Wilson foi responsável por exportar grandes nomes da música regional nordestina

NORDESTE: E ainda é, não é?

Wilson: Essa vocação o Brasil tem. É um país musical e que adora a sua música, o povo adora a sua música. O que eu acho é que essa música não tem, para mim, nos aspectos culturais mais relevantes, que são os aspectos regionais, ela não tem o respeito à dimensão que ela tem de fato. Hoje eu tenho a Anastácia na Europa fazendo show de forró, uma excursão de nove dias lá e com absoluto sucesso. A gente teve músicas da Continental que explodiam no mundo inteiro. Músicas da própria Atração, a gravadora que eu formei lá no Lira Paulistana, que estouraram no mundo, Carrapicho, etc.

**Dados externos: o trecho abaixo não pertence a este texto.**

lemma leibniz_rule_poly:
  assumes "vars p \<subseteq> S"
  shows "leibniz_rule p"
proof -
  have one: "leibniz_rule 1"
    using leibniz_rule_mconst[of 1] by simp
  have sum: "leibniz_rule (sum f B)" if "\<And>x. x \<in> B \<Longrightarrow> leibniz_rule (f x)" for f :: "_ \<Rightarrow> 'k mpol" and B
    using that by (induct B rule: infinite_finite_induct)
      (auto intro: leibniz_rule_add simp: leibniz_rule_mconst[of 0, simplified])
  have prod: "leibniz_rule (prod f B)" if "\<And>x. x \<in> B \<Longrightarrow> leibniz_rule (f x)" for f :: "_ \<Rightarrow> 'k mpol" and B
    using that by (induct B rule: infinite_finite_induct) (auto intro: leibniz_rule_mult simp: one)
  have power: "leibniz_rule (g ^ k)" if "leibniz_rule g" for g k
    using that by (induct k) (auto intro: leibniz_rule_mult simp: one)
  have "leibniz_rule (\<Sum>mo\<in>Poly_Mapping.keys p. mconst (Poly_Mapping.lookup p mo) * (\<Prod>i\<in>Poly_Mapping.keys mo. Xv i ^ Poly_Mapping.lookup mo i))"
    using assms by (intro sum leibniz_rule_mult leibniz_rule_mconst prod power leibniz_rule_Xv) (auto simp: vars_def)
  then show ?thesis by (simp flip: poly_eq_sum_monomials)
qed

lemma
  assumes "vars g \<subseteq> S"
  shows vars_dpol: "vars (dpol a g) \<subseteq> S"
    and spol_eq_plus_dpol: "spol a g = g + (Xv a - Xv (a + 1)) * dpol a g"
    and T_act_E: "T (A g (E m)) = A (spol a g) (T (E m)) + A (dpol a g * P) (E m)"
  using leibniz_rule_poly[OF assms] by (simp_all add: leibniz_rule_def)
theorem lemma3:
  fixes g g1 g2 :: "real \<Rightarrow> real \<Rightarrow> real" and h :: "real \<Rightarrow> real"
    and \<alpha> \<delta> :: real
  assumes alpha_pos: "\<alpha> > 0" and delta_pos: "\<delta> > 0"
    and g_pos: "\<forall>t\<in>ball 0 \<delta>. \<forall>x\<ge>1. g x t > 0"
    and g_density: "\<forall>t\<in>ball 0 \<delta>. set_integrable lborel {1..} (\<lambda>x. g x t) \<and> int1 (\<lambda>x. g x t) = 1"
    and g_pareto: "\<forall>x\<ge>1. g x 0 = \<alpha> * x powr (-\<alpha>-1)"
    and g1_deriv: "\<forall>t\<in>ball 0 \<delta>. \<forall>x\<ge>1. ((\<lambda>s. g x s) has_real_derivative g1 x t) (at t)"
    and g2_deriv: "\<forall>t\<in>ball 0 \<delta>. \<forall>x\<ge>1. ((\<lambda>s. g1 x s) has_real_derivative g2 x t) (at t)"
    and h_def: "\<forall>x\<ge>1. ((\<lambda>s. g x s) has_real_derivative h x) (at 0)"
    and dui_g: "diff_under_int g g1 (ball 0 \<delta>)"
    and dui_g1: "diff_under_int g1 g2 (ball 0 \<delta>)"
    and dui_kl: "\<forall>l>0. diff_under_int (kl_integrand g l) (kl_integrand_d1 g g1 l) (ball 0 \<delta>)"
    and dui_kl1: "\<forall>l>0. diff_under_int (kl_integrand_d1 g g1 l) (kl_integrand_d2 g g1 g2 l) (ball 0 \<delta>)"
  shows "(\<lambda>t. 2 * KL g t
            - t^2 * (int1 (\<lambda>x. x powr (\<alpha>+1) / \<alpha> * (h x)^2)
                     - (int1 (\<lambda>x. \<alpha> * h x * ln x))^2))
         \<in> o[at 0](\<lambda>t. t^2)"
proof -
  interpret pareto_perturbation g g1 g2 h \<alpha> \<delta>
    by unfold_locales (fact assms)+
  let ?c = "int1 (\<lambda>x. x powr (\<alpha>+1) / \<alpha> * (h x)^2) - (int1 (\<lambda>x. \<alpha> * h x * ln x))^2"
  let ?K = "\<lambda>t. kl_div \<alpha> t + ln (\<alpha> * mean_log t) + 1 - \<alpha> * mean_log t"
  have expansion: "(\<lambda>t. 2 * (?K t - ?c / 2 * t^2)) \<in> o[at 0](\<lambda>t. t^2)"
    using KL_profile_expansion by (subst landau_o.small.cmult_in_iff) simp_all
  have "\<forall>\<^sub>F t in at 0. 2 * (?K t - ?c / 2 * t^2) = 2 * KL g t - t^2 * ?c"
    using eventually_KL_eq by eventually_elim simp
  from landau_o.small.in_cong[OF this] expansion show ?thesis
    by blast
qed

end
(* Let $X$ be a normed linear space, $F:X\rightrightarrows\mathbb{R}^p$ a set-valued map, $(x,y)\in\mathrm{gph}F$. Assume $F$ is Lipschitz around $x$ and $y\in\mathcal{PE}(F(x),P)$. Then $DF_\uparrow((x,y);0)\cap(-P)=\{0\}$, and for every $v\in X$ the sets $DF_\uparrow((x,y);v)$ and $DF((x,y);v)$ are $P$-bounded.
   Context: $P\subset\mathbb{R}^p$ is a closed convex pointed cone containing $0$ with nonempty interior; $F_\uparrow(x)=F(x)+P$. $\mathcal{E}(S,P)=\{y\in S:(y-P)\cap S=\{y\}\}$; contingent cone $T_S(z)=\{v:\exists h_k\to0^+,\exists v_k\to v,z+h_kv_k\in S\}$; $\mathcal{PE}(S,P)=\{y\in\mathcal{E}(S,P):T_{S+P}(y)\cap(-P)=\{0\}\}$. $F$ is Lipschitz around $x$ if there are $l>0$ and a neighborhood $\mathcal{O}$ of $x$ with $F(x_1)\subset F(x_2)+l\|x_1-x_2\|\mathbf{B}$ for $x_1,x_2\in\mathcal{O}$. The contingent derivative $DF(x,y)$ has graph $T_{\mathrm{gph}F}(x,y)$; value at $v$ written $DF((x,y);v)$. Recession cone of nonempty $S\subset\mathbb{R}^p$: $S^+=\{z:\exists h_k\to0^+,\exists y_k\in S,h_ky_k\to z\}$. $S$ is $P$-bounded if $S^+\cap(-P)=\{0\}$. *)

theory Defs
  imports "HOL-Analysis.Analysis"
begin

definition msum :: "'a::real_vector set \<Rightarrow> 'a set \<Rightarrow> 'a set" where
  "msum A B = {a + b | a b. a \<in> A \<and> b \<in> B}"

definition ordering_cone :: "'b::euclidean_space set \<Rightarrow> bool" where
  "ordering_cone P \<longleftrightarrow> closed P \<and> convex P \<and> cone P \<and> 0 \<in> P
     \<and> P \<inter> uminus ` P = {0} \<and> interior P \<noteq> {}"

definition Fup :: "('a \<Rightarrow> 'b::euclidean_space set) \<Rightarrow> 'b set \<Rightarrow> 'a \<Rightarrow> 'b set" where
  "Fup F P x = msum (F x) P"

definition gph :: "('a \<Rightarrow> 'b set) \<Rightarrow> ('a \<times> 'b) set" where
  "gph F = {(x, y). y \<in> F x}"

definition contingent_cone :: "'a::real_normed_vector set \<Rightarrow> 'a \<Rightarrow> 'a set" where
  "contingent_cone S z = {v. \<exists>h :: nat \<Rightarrow> real. \<exists>vs :: nat \<Rightarrow> 'a.
      (\<forall>k. h k > 0) \<and> h \<longlonglongrightarrow> 0 \<and> vs \<longlonglongrightarrow> v \<and> (\<forall>k. z + h k *\<^sub>R vs k \<in> S)}"

definition DF :: "('a::real_normed_vector \<Rightarrow> 'b::euclidean_space set) \<Rightarrow> 'a \<Rightarrow> 'b \<Rightarrow> 'a \<Rightarrow> 'b set" where
  "DF F x y v = {w. (v, w) \<in> contingent_cone (gph F) (x, y)}"
(* Let $p$ be a prime, $k=\mathbb{F}_p$, and $V$ a $k$-vector space. Then the map $\Psi:\widehat{V}\to V^{**}$, $\Psi((x_{\mathbf{v}})_{\mathbf{v}})=\big(f\mapsto x_{\mathbf{v}_f}\big)$, is an isomorphism, and $\Psi\circ\widehat{\pi}=i$, where $\widehat{\pi}:V\to\widehat V$ is the profinite projection and $i:V\to V^{**}$ is the canonical map $i(v)(f)=f(v)$.
   Context: A finite approximation of a group $G$ is a pair $\mathbf{v}=(F_{\mathbf{v}},\varphi_{\mathbf{v}})$ with $F_{\mathbf{v}}$ a finite group and $\varphi_{\mathbf{v}}:G\to F_{\mathbf{v}}$ a group homomorphism; a morphism $f:\mathbf{v}\to\mathbf{v}'$ is a group homomorphism $f:F_{\mathbf{v}}\to F_{\mathbf{v}'}$ with $f\circ\varphi_{\mathbf{v}}=\varphi_{\mathbf{v}'}$. The profinite completion of $G$ is $\widehat{G}=\{(g_{\mathbf{v}})_{\mathbf{v}}\in\prod_{\mathbf{v}}F_{\mathbf{v}} : \psi(g_{\mathbf{v}})=g_{\mathbf{w}} \text{ for every morphism } \psi:\mathbf{v}\to\mathbf{w}\}$, the product over all finite approximations of $G$ (set-theoretic size issues ignored), with componentwise group law, and the profinite projection is $\widehat{\pi}:G\to\widehat G$, $g\mapsto(\varphi_{\mathbf{v}}(g))_{\mathbf{v}}$. $\widehat{V}$ denotes the profinite completion of the additive group of $V$. For $f\in V^*$, $\mathbf{v}_f=(k,f)$ is the finite approximation of $V$ into the additive group of $k$ given by $f$; for $\mathbf{x}\in\widehat V$ the map $f\mapsto x_{\mathbf{v}_f}$ is $k$-linear, so $\Psi$ takes values in $V^{**}$. *)

theory Defs
  imports Main "HOL-Algebra.Group" "Berlekamp_Zassenhaus.Finite_Field"
begin

definition add_grp :: "'v::ab_group_add monoid" where
  "add_grp = \<lparr>carrier = UNIV, monoid.mult = (+), one = 0\<rparr>"

text \<open>A finite approximation of G: a finite group F (represented with carrier a set of
  naturals; every finite group is isomorphic to such a one) together with a homomorphism
  phi : G \<rightarrow> F (extensional, i.e. undefined outside carrier G).\<close>
definition fin_approx :: "'a monoid \<Rightarrow> nat monoid \<times> ('a \<Rightarrow> nat) \<Rightarrow> bool" where
  "fin_approx G v \<longleftrightarrow> group (fst v) \<and> finite (carrier (fst v)) \<and> snd v \<in> hom G (fst v)
     \<and> (\<forall>a. a \<notin> carrier G \<longrightarrow> snd v a = undefined)"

NORDESTE: Quando é que você se aproxima mais da música regional?

Wilson: Depois dessa experiência da Continental, eu resolvi montar minha gravadora Atração Fonográfica e, pelo conhecimento que eu tive do Mercado Regional, foi aí que eu conheci o Gil Sabino, e pela inteligência que ele tem, pela cultural musical que ele tinha, ele me apresentou muito bem a cena dessa parte do Nordeste. E na Bahia, na Continental, quando eu cheguei era o começo do Axé Music, eu pude gravar o primeiro Olodum, o primeiro Chiclete com Banana, primeiro Banda Mel, enfim, era uma cena que eu nadava de braçada porque a multinacional não tinha o menor interesse naquela música. Essa música não tinha nenhum status como tinha a MPB, o Chico Buarque de Holanda, Caetano Veloso, Gilberto Gil, enfim, ela não tinha o status do produto chique, era uma música de carnaval ou sei lá como eles viam isso. Mas para mim aquilo era verdadeira música de exportação. Eu saí da Continental, montei a Atração que adquiriu um porte grande, porque esse artista começou também a sair de lá. Alguns artistas que eu trabalhei na Continental, eu pude depois chamar para a Atração, isso formou hoje o nosso acervo que tem mais ou menos 30 mil fonogramas e videofonogramas. Faixas gravadas e vídeos.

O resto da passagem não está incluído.